* Task to complete *
Find the lines below that contain the string "where", count them, and give only the number.

* Stored data *
____________
(* Suppose Assumptions (A1)–(A4) hold and let $\mathbf X^{(t)},\mathbf M^{(t)}$ be generated by the EDM algorithm with $\alpha>0$, $\beta\in[0,1)$. Let $\tilde f(\mathbf x)=f(\mathbf x)-f^\star$. Then for every $t\ge0$, $$\mathbb E[\tilde f(\mathbf z^{(t+1)})]\le(1-\alpha\mu)\mathbb E[\tilde f(\mathbf z^{(t)})]-\frac{\alpha(1-\alpha L)}2\mathbb E\|\nabla\bar{\mathbf f}(\mathbf X^{(t)})\|^2+\frac{\alpha L^2}{2n}\mathbb E\|\mathbf X^{(t)}-\overline{\mathbf X}^{(t)}\|_{\mathrm F}^2+\frac{\alpha^3L^2\beta^2}{2(1-\beta)^2}\mathbb E\|\bar{\mathbf m}^{(t-1)}\|^2+\frac{\alpha^2L\sigma^2}{2n}.$$
   Context: Setting. There are $n$ agents and parameters lie in $\mathbb R^d$. For each agent $i$ there is a data distribution $\mathcal D_i$ and a loss $F_i:\mathbb R^d\times\mathbb R^p\to\mathbb R$; $f_i(\mathbf x)=\mathbb E_{\bm\xi\sim\mathcal D_i}F_i(\mathbf x,\bm\xi)$, $f(\mathbf x)=\frac1n\sum_{i=1}^n f_i(\mathbf x)$, $f^\star=\inf_{\mathbf x}f(\mathbf x)$. For $\mathbf X\in\mathbb R^{n\times d}$ with rows $\mathbf x_1^\top,\dots,\mathbf x_n^\top$: $\nabla\mathbf f(\mathbf X)\in\mathbb R^{n\times d}$ has rows $\nabla f_i(\mathbf x_i)^\top$; for $\bm\Xi=(\bm\xi_1,\dots,\bm\xi_n)$, $\nabla\mathbf F(\mathbf X,\bm\Xi)$ has rows $\nabla F_i(\mathbf x_i,\bm\xi_i)^\top$ (gradients in $\mathbf x$); $\nabla\bar{\mathbf f}(\mathbf X)=\frac1n\sum_i\nabla f_i(\mathbf x_i)\in\mathbb R^d$; $\bar{\mathbf x}=\frac1n\mathbf X^\top\mathbf 1_n$, $\overline{\mathbf X}=\frac1n\mathbf 1_n\mathbf 1_n^\top\mathbf X$; $\mathbf P_{\mathbf I}=\mathbf I-\frac1n\mathbf 1_n\mathbf 1_n^\top$. $\|\cdot\|$ is the Euclidean norm, $\|\cdot\|_{\mathrm F}$ Frobenius, $\|\cdot\|_{\mathrm{op}}$ spectral. (A1) $\mathbf W=(w_{ij})\in\mathbb R^{n\times n}$ is symmetric, doubly stochastic ($\mathbf W\mathbf 1=\mathbf 1$), has $w_{ii}>0$ for all $i$, nonnegative entries, smallest eigenvalue $>0$, and $\lambda:=\|\mathbf W-\frac1n\mathbf 1\mathbf 1^\top\|_{\mathrm{op}}<1$. (A2) Each $f_i$ is $L$-smooth ($\|\nabla f_i(\mathbf x)-\nabla f_i(\mathbf y)\|\le L\|\mathbf x-\mathbf y\|$) and bounded below. (A3) $\bm\Xi^{(t)}=(\bm\xi_1^{(t)},\dots,\bm\xi_n^{(t)})$ with $\bm\xi_i^{(t)}\sim\mathcal D_i$, all mutually independent over $i$ and $t\ge0$; $\mathcal F^{(t)}$ is the $\sigma$-algebra generated by $\bm\Xi^{(0)},\dots,\bm\Xi^{(t-1)}$; for every $\mathcal F^{(t)}$-measurable random $\mathbf x_i^{(t)}$: $\mathbb E[\nabla F_i(\mathbf x_i^{(t)},\bm\xi_i^{(t)})-\nabla f_i(\mathbf x_i^{(t)})\mid\mathcal F^{(t)}]=0$ and $\mathbb E[\|\nabla F_i(\mathbf x_i^{(t)},\bm\xi_i^{(t)})-\nabla f_i(\mathbf x_i^{(t)})\|^2\mid\mathcal F^{(t)}]\le\sigma^2$. (A4) (Polyak–Łojasiewicz) There is $\mu>0$ with $2\mu(f(\mathbf x)-f^\star)\le\|\nabla f(\mathbf x)\|^2$ for all $\mathbf x\in\mathbb R^d$. EDM algorithm. Given $\alpha>0$, $\beta\in[0,1)$, $\mathbf x^{(0)}\in\mathbb R^d$: set $\mathbf X^{(-1)}=\mathbf X^{(0)}=\mathbf 1_n(\mathbf x^{(0)})^\top$, $\mathbf M^{(-1)}=\mathbf 0$; for $t\ge0$, $\mathbf M^{(t)}=\beta\mathbf M^{(t-1)}+(1-\beta)\nabla\mathbf F(\mathbf X^{(t)},\bm\Xi^{(t)})$; for $t\ge-1$, $\mathbf X^{(t+2)}=\mathbf W\big(2\mathbf X^{(t+1)}-\mathbf X^{(t)}-\alpha\mathbf M^{(t+1)}+\alpha\mathbf M^{(t)}\big)$. Write $\bar{\mathbf x}^{(t)}=\frac1n(\mathbf X^{(t)})^\top\mathbf 1_n$, $\bar{\mathbf m}^{(t)}=\frac1n(\mathbf M^{(t)})^\top\mathbf 1_n$ (so $\bar{\mathbf m}^{(-1)}=\mathbf 0$). Auxiliary sequence: $\mathbf z^{(0)}=\bar{\mathbf x}^{(0)}$ and $\mathbf z^{(t)}=\frac1{1-\beta}\bar{\mathbf x}^{(t)}-\frac{\beta}{1-\beta}\bar{\mathbf x}^{(t-1)}$ for $t\ge1$. *)

theory Defs
  imports "HOL-Analysis.Analysis" "HOL-Probability.Probability"
begin

text \<open>Agents are indexed by a finite type 'n (so n = CARD('n)), parameters live in real^'d.
  A stacked matrix X in R^{n x d} is represented as a function 'n => real^'d (row i = x_i).\<close>

definition mix :: "real^'n^'n \<Rightarrow> ('n::finite \<Rightarrow> real^'d) \<Rightarrow> ('n \<Rightarrow> real^'d)" where
  "mix W X = (\<lambda>i. \<Sum>j\<in>UNIV. (W $ i $ j) *\<^sub>R X j)"

definition avg :: "('n::finite \<Rightarrow> real^'d) \<Rightarrow> real^'d" where
  "avg X = (1 / real CARD('n)) *\<^sub>R (\<Sum>i\<in>UNIV. X i)"

text \<open>The state at index t is (X^(t-1), X^(t), M^(t-1)),
  with the convention X^(-1) = X^(0) = 1 x0^T and M^(-1) = 0.
  Xi t i is the sample xi_i^(t); gF i x xi is the stochastic gradient of F_i in x.\<close>
fun edm :: "real^'n^'n \<Rightarrow> real \<Rightarrow> real \<Rightarrow> real^'d \<Rightarrow> ('n::finite \<Rightarrow> real^'d \<Rightarrow> 'p \<Rightarrow> real^'d)
            \<Rightarrow> (nat \<Rightarrow> 'n \<Rightarrow> 'p) \<Rightarrow> nat
            \<Rightarrow> ('n \<Rightarrow> real^'d) \<times> ('n \<Rightarrow> real^'d) \<times> ('n \<Rightarrow> real^'d)" where
  "edm W \<alpha> \<beta> x0 gF Xi 0 = ((\<lambda>i. x0), (\<lambda>i. x0), (\<lambda>i. 0))"
| "edm W \<alpha> \<beta> x0 gF Xi (Suc t) =
     (case edm W \<alpha> \<beta> x0 gF Xi t of (Xp, Xc, Mp) \<Rightarrow>
        (let Mc = (\<lambda>i. \<beta> *\<^sub>R Mp i + (1 - \<beta>) *\<^sub>R gF i (Xc i) (Xi t i))
         in (Xc, mix W (\<lambda>i. 2 *\<^sub>R Xc i - Xp i - \<alpha> *\<^sub>R Mc i + \<alpha> *\<^sub>R Mp i), Mc)))"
____________
* Result below *
3